Garrido follows familiar path to first repeat title in 12 years
By Dave Loveton
Santa Barbara City College Sports Information
OJAI, Calif. – The circumstances were eerily similar for defending state champion Danielle Garrido on Sunday in the California Community College Athletic Association Women’s Tennis championship at Libbey Park.
Same court, same time, same day of the week, same opponent and same state title on the line. Garrido, the No. 2 seed from San Diego Mesa, was battling No. 3 Clarissa Colling of Orange Coast, whom she had rallied to beat 7-6 (7), 6-2 in last year’s final.
Garrido overcame a 5-4 first-set deficit in 2016’s final match. This time, she trailed 5-3 in the opening set and after winning her serve, she fought off three set points on Colling’s serve to tie the set at 5-5.
There were lots of long rallies in the 20-25 stroke range.
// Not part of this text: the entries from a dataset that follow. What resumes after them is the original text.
theorem theorem1:
  fixes x :: "nat \<Rightarrow> real^'d"
  assumes "\<forall>s > 0. (\<lambda>N. real (card {(m, n). m \<in> {1..N} \<and> n \<in> {1..N} \<and> m \<noteq> n \<and>
               torus_dist (x m) (x n) \<le> s / root CARD('d) (real N)}) / real N)
             \<longlonglongrightarrow> unit_ball_vol TYPE('d) * s ^ CARD('d)"
  shows "torus_unif_distr x"
  unfolding torus_unif_distr_def
proof (intro allI impI)
  fix a b :: "real^'d"
  assume box: "\<forall>i. 0 \<le> a $ i \<and> a $ i \<le> b $ i \<and> b $ i \<le> 1"
  show "(\<lambda>N. real (card {n \<in> {1..N}. \<forall>i. a $ i \<le> torus_frac (x n) $ i \<and> torus_frac (x n) $ i < b $ i}) / real N)
    \<longlonglongrightarrow> (\<Prod>i\<in>UNIV. b $ i - a $ i)"
  proof (rule tendstoI)
    fix \<epsilon> :: real
    assume "\<epsilon> > 0"
    obtain c \<eta> :: real and M :: nat where "c > 0" "M > 0" "\<eta> > 0"
      "(2 / (unit_ball_vol TYPE('d) * c ^ CARD('d)) + 2 ^ CARD('d) / M) / (2 * \<eta>) + \<eta> / 2 < \<epsilon>"
      by (rule error_parameters_exist[OF unit_ball_vol_pos zero_less_card_finite \<open>\<epsilon> > 0\<close>])
    from eventually_proportion_in_box_close[OF assms box this]
    show "eventually (\<lambda>N. dist (real (card {n \<in> {1..N}. \<forall>i. a $ i \<le> torus_frac (x n) $ i
        \<and> torus_frac (x n) $ i < b $ i}) / real N) (\<Prod>i\<in>UNIV. b $ i - a $ i) < \<epsilon>) sequentially"
      by (simp add: dist_real_def)
  qed
qed

end
(* Consider problem (P) and suppose Assumptions A, B, C and E hold. If $\bar F$ is a KL function with exponent $\alpha\in[0,1)$, then $F$ is also a KL function with exponent $\alpha$.
   Context: Problem (P): $\min_{x\in\mathbb R^n}F(x):=f(x)+P_1(x)-P_2(x)+\delta_{\{g\le 0\}}(x)$, where $f:\mathbb R^n\to\mathbb R$ is continuously differentiable, $P_1,P_2:\mathbb R^n\to\mathbb R$ are convex and continuous, $g=(g_1,\dots,g_m):\mathbb R^n\to\mathbb R^m$ is continuous with $\{x:g(x)\le0\}\neq\emptyset$ (componentwise inequalities), $\delta_C$ the indicator function of $C$; $\partial$ is the limiting subdifferential. Assumption A: (i) $\nabla f$ is Lipschitz with modulus $L_f$; (ii) each $g_i$ is differentiable with $\nabla g_i$ Lipschitz with modulus $L_{g_i}$; (iii) $F$ is level-bounded. Assumption B (MFCQ): each $g_i$ is continuously differentiable and for every $x$ with $g(x)\le0$ there is $d$ with $\langle\nabla g_i(x),d\rangle<0$ for all $i\in I(x):=\{j:g_j(x)=0\}$. Assumption C: each $g_i$ is twice continuously differentiable. Assumption E: $P_2\equiv0$ and $f,g_1,\dots,g_m$ are convex. $\bar G(x,y,w)\in\mathbb R^m$ ($x,y\in\mathbb R^n,w\in\mathbb R^m$) has components $\bar G_i(x,y,w)=g_i(y)+\langle\nabla g_i(y),x-y\rangle+\frac{w_i}{2}\|x-y\|^2$, and $\bar F(x,y,w):=f(x)+P_1(x)-P_2(x)+\delta_{\{\bar G\le0\}}(x,y,w)$. KL function with exponent $\alpha\in[0,1)$: a proper closed $h$ such that at every $\hat x\in{\rm dom}\,\partial h$ there exist $a\in(0,\infty]$, a neighborhood $V$ of $\hat x$ and $a_0>0$ with $a_0(1-\alpha)(h(x)-h(\hat x))^{-\alpha}\,{\rm dist}(0,\partial h(x))\ge1$ for all $x\in V$ with $h(\hat x)<h(x)<h(\hat x)+a$. *)

theory Defs
  imports "HOL-Analysis.Analysis"
begin

definition proper_closed :: "('a::euclidean_space \<Rightarrow> ereal) \<Rightarrow> bool" where
  "proper_closed h \<longleftrightarrow> (\<forall>x. h x \<noteq> -\<infinity>) \<and> (\<exists>x. h x \<noteq> \<infinity>) \<and>
     (\<forall>x xk. xk \<longlonglongrightarrow> x \<longrightarrow> h x \<le> liminf (\<lambda>k. h (xk k)))"

definition frechet_subdiff :: "('a::euclidean_space \<Rightarrow> ereal) \<Rightarrow> 'a \<Rightarrow> 'a set" where
  "frechet_subdiff h x = {v. \<bar>h x\<bar> \<noteq> \<infinity> \<and>
     (\<forall>\<epsilon>>0. \<exists>\<delta>>0. \<forall>z. norm (z - x) < \<delta> \<longrightarrow>
        h z \<ge> h x + ereal (v \<bullet> (z - x) - \<epsilon> * norm (z - x)))}"

definition limiting_subdiff :: "('a::euclidean_space \<Rightarrow> ereal) \<Rightarrow> 'a \<Rightarrow> 'a set" where
  "limiting_subdiff h x = {v. \<bar>h x\<bar> \<noteq> \<infinity> \<and>
     (\<exists>xk vk. xk \<longlonglongrightarrow> x \<and> (\<lambda>k. h (xk k)) \<longlonglongrightarrow> h x \<and>
        (\<forall>k. vk k \<in> frechet_subdiff h (xk k)) \<and> vk \<longlonglongrightarrow> v)}"

text \<open>KL function with exponent alpha. Convention dist(0, {}) = +infinity, so points with
  empty subdifferential satisfy the inequality vacuously.\<close>
definition KL_exponent :: "('a::euclidean_space \<Rightarrow> ereal) \<Rightarrow> real \<Rightarrow> bool" where
  "KL_exponent h \<alpha> \<longleftrightarrow> proper_closed h \<and>
     (\<forall>xh. limiting_subdiff h xh \<noteq> {} \<longrightarrow>
        (\<exists>a::ereal. a > 0 \<and> (\<exists>V. open V \<and> xh \<in> V \<and> (\<exists>a0::real. a0 > 0 \<and>
          (\<forall>x\<in>V. h xh < h x \<and> h x < h xh + a \<longrightarrow> limiting_subdiff h x \<noteq> {} \<longrightarrow>
             a0 * (1 - \<alpha>) * (real_of_ereal (h x) - real_of_ereal (h xh)) powr (- \<alpha>)
               * infdist 0 (limiting_subdiff h x) \<ge> 1)))))"

definition Fobj :: "(real^'n \<Rightarrow> real) \<Rightarrow> (real^'n \<Rightarrow> real) \<Rightarrow> (real^'n \<Rightarrow> real)
     \<Rightarrow> (real^'n \<Rightarrow> real^'m) \<Rightarrow> real^'n \<Rightarrow> ereal" where
  "Fobj f P1 P2 g x = (if \<forall>i. g x $ i \<le> 0 then ereal (f x + P1 x - P2 x) else \<infinity>)"

definition Gbar :: "(real^'n \<Rightarrow> real^'m) \<Rightarrow> ('m \<Rightarrow> real^'n \<Rightarrow> real^'n)
     \<Rightarrow> real^'n \<Rightarrow> real^'n \<Rightarrow> real^'m \<Rightarrow> 'm \<Rightarrow> real" where
  "Gbar g Dg x y w i = g y $ i + Dg i y \<bullet> (x - y) + w $ i / 2 * (norm (x - y))\<^sup>2"
lemma sum_eq_1_obtains_pos:
  assumes "sum f UNIV = (1 :: real)"
  obtains b where "f b > 0"
proof (rule ccontr)
  assume "\<not> thesis"
  then have "f b \<le> 0" for b
    using that[of b] by linarith
  then have "sum f UNIV \<le> 0"
    by (simp add: sum_nonpos)
  with assms show False
    by simp
qed

lemma mpow_nonneg: "stochastic M \<Longrightarrow> mpow M n a b \<ge> 0"
  by (induction n arbitrary: b) (auto simp: stochastic_def intro!: sum_nonneg mult_nonneg_nonneg)

lemma stationary_dist_mpow:
  assumes "stationary_dist \<pi> M"
  shows "(\<Sum>a\<in>UNIV. \<pi> a * mpow M n a b) = \<pi> b"
proof (induction n arbitrary: b)
  case (Suc n)
  have "(\<Sum>a\<in>UNIV. \<pi> a * mpow M (Suc n) a b) = (\<Sum>c\<in>UNIV. (\<Sum>a\<in>UNIV. \<pi> a * mpow M n a c) * M c b)"
    unfolding mpow.simps sum_distrib_left sum_distrib_right mult.assoc by (rule sum.swap)
  also have "\<dots> = \<pi> b"
    using assms by (simp add: Suc.IH stationary_dist_def)
  finally show ?case .
qed (simp add: if_distrib cong: if_cong)

lemma stationary_dist_pos:
  assumes "stationary_dist \<pi> M" "irreducible_mat M" "stochastic M"
  shows "\<pi> b > 0"
proof -
  have \<pi>_nonneg: "\<pi> a \<ge> 0" for a
    using assms(1) by (simp add: stationary_dist_def)
  obtain a where a: "\<pi> a > 0"
    using assms(1) sum_eq_1_obtains_pos unfolding stationary_dist_def by blast
  obtain n where "mpow M n a b > 0"
    using assms(2) by (auto simp: irreducible_mat_def)
  with a have "0 < \<pi> a * mpow M n a b"
    by simp
  also have "\<dots> \<le> (\<Sum>a\<in>UNIV. \<pi> a * mpow M n a b)"
    using assms(3) \<pi>_nonneg by (intro member_le_sum) (auto intro: mult_nonneg_nonneg mpow_nonneg)
  also have "\<dots> = \<pi> b"
    using assms(1) by (rule stationary_dist_mpow)
  finally show ?thesis .
qed

section \<open>Expectations of path functionals\<close>

text \<open>Beyond time \<open>n\<close> the argument \<open>\<lambda>k. xs ! k\<close> of \<open>F\<close> takes unspecified values, which
  is why the lemmas below that change the horizon ask \<open>F\<close> to depend only on a time window.\<close>

definition path_expect ::
    "('s::finite \<Rightarrow> real) \<Rightarrow> ('s \<Rightarrow> 's \<Rightarrow> real) \<Rightarrow> nat \<Rightarrow> ((nat \<Rightarrow> 's) \<Rightarrow> real) \<Rightarrow> real"
  where "path_expect \<pi> M n F = (\<Sum>xs\<in>paths n. path_prob \<pi> M n xs * F (\<lambda>k. xs ! k))"

lemma E3_eq_path_expect:
  "E3 \<pi>P P \<pi>Q Q n F
     = path_expect \<pi>P P n (\<lambda>x. path_expect \<pi>Q Q n (\<lambda>y. path_expect \<pi>Q Q n (\<lambda>z. F x y z)))"
  by (simp add: E3_def path_expect_def sum_distrib_left mult_ac)

lemma E2_eq_path_expect:
  "E2 \<pi>P P \<pi>Q Q n F = path_expect \<pi>P P n (\<lambda>x. path_expect \<pi>Q Q n (\<lambda>y. F x y))"
  by (simp add: E2_def path_expect_def sum_distrib_left mult_ac)

lemma path_expect_mono:
  "stochastic M \<Longrightarrow> (\<And>a. \<pi> a \<ge> 0) \<Longrightarrow> (\<And>f. F f \<le> G f)
     \<Longrightarrow> path_expect \<pi> M n F \<le> path_expect \<pi> M n G"
  unfolding path_expect_def by (intro sum_mono mult_left_mono path_prob_nonneg)

lemma path_expect_divide: "path_expect \<pi> M n (\<lambda>f. F f / c) = path_expect \<pi> M n F / c"
  by (simp add: path_expect_def sum_divide_distrib)

lemma path_expect_Suc:
  "path_expect \<pi> M (Suc n) F
     = (\<Sum>xs\<in>paths n. \<Sum>a\<in>UNIV. path_prob \<pi> M n xs * M (xs ! n) a * F (\<lambda>k. (xs @ [a]) ! k))"
  unfolding path_expect_def sum_paths_snoc
  by (intro sum.cong refl) (simp add: paths_def path_prob_snoc)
Garrido held serve to take a 6-5 lead, then broke Colling’s serve for the third time to secure the grueling 7-5 victory.
Garrido went on to post a 7-5, 6-1 triumph for her second straight CCCAA title. San Diego Mesa has won three of the last four state trophies with Sophia Najera winning the school’s first title in 2014.
Garrido became the first back-to-back state champion in 12 years, since Michelle Esquivel turned the trick in 2004-05 for Santa Ana and Orange Coast.
“It feels so good to be the champion again,” said Garrido. “I feel like all my hard work has paid off. I’ve been fighting walking pneumonia and a couple of injuries this week.”
Garrido is 18-0 this year and undefeated in her two-year community college career (39-0) without losing a single set. She won six matches over four days to claim this year’s state title with a 73-12 game record.“I was really nervous because this was the last match and there’s a lot of pressure,” Garrido explained. “You’re playing in front of a lot of people here and I feel like every move or shot is criticized.
“It’s smart to try to keep a player like me who’s short back behind the baseline. To tell you the truth, I kind of spaced out in that game when she had three set points. The more I thought about it, the worse I played. I didn’t even focus on the score, I was just going one point at a time.”
Garrido had two service breaks in the first six games of the second set and took a 5-1 lead when Colling hit wide right at 30-40. She built a 40-15 lead on her serve in the next game and won the match with a perfect lob over Colling, who had charged to the net.
“It was really the same as last year,” said San Diego Mesa coach Marc Pinckney. “Danielle didn’t play all that well by her standards, her forehand was off all week. She played well at the end of matches.
“They had a perfect game plan with Clarissa playing really far back. They were trying to keep Danielle from getting her angles but she did a good job of adjusting.”
Pinckney said that Garrido has had “a bunch of college offers” but she hasn’t made a decision yet.
Colling played in the doubles semifinals at 8 a.m., just three hours before the singles final. She and partner Karen Trinh fell to top-seeded Mayra Jovic-Abby Mullins of Santa Monica in a marathon match, 2-6, 6-1, 10-6 in the super tiebreaker.
Jovic, the 2015 state singles and doubles champ, and Mullins went on to beat Veronika Galstyan-Tsukimi Ono of Glendale in an All-Western State Conference final, 6-4, 6-3.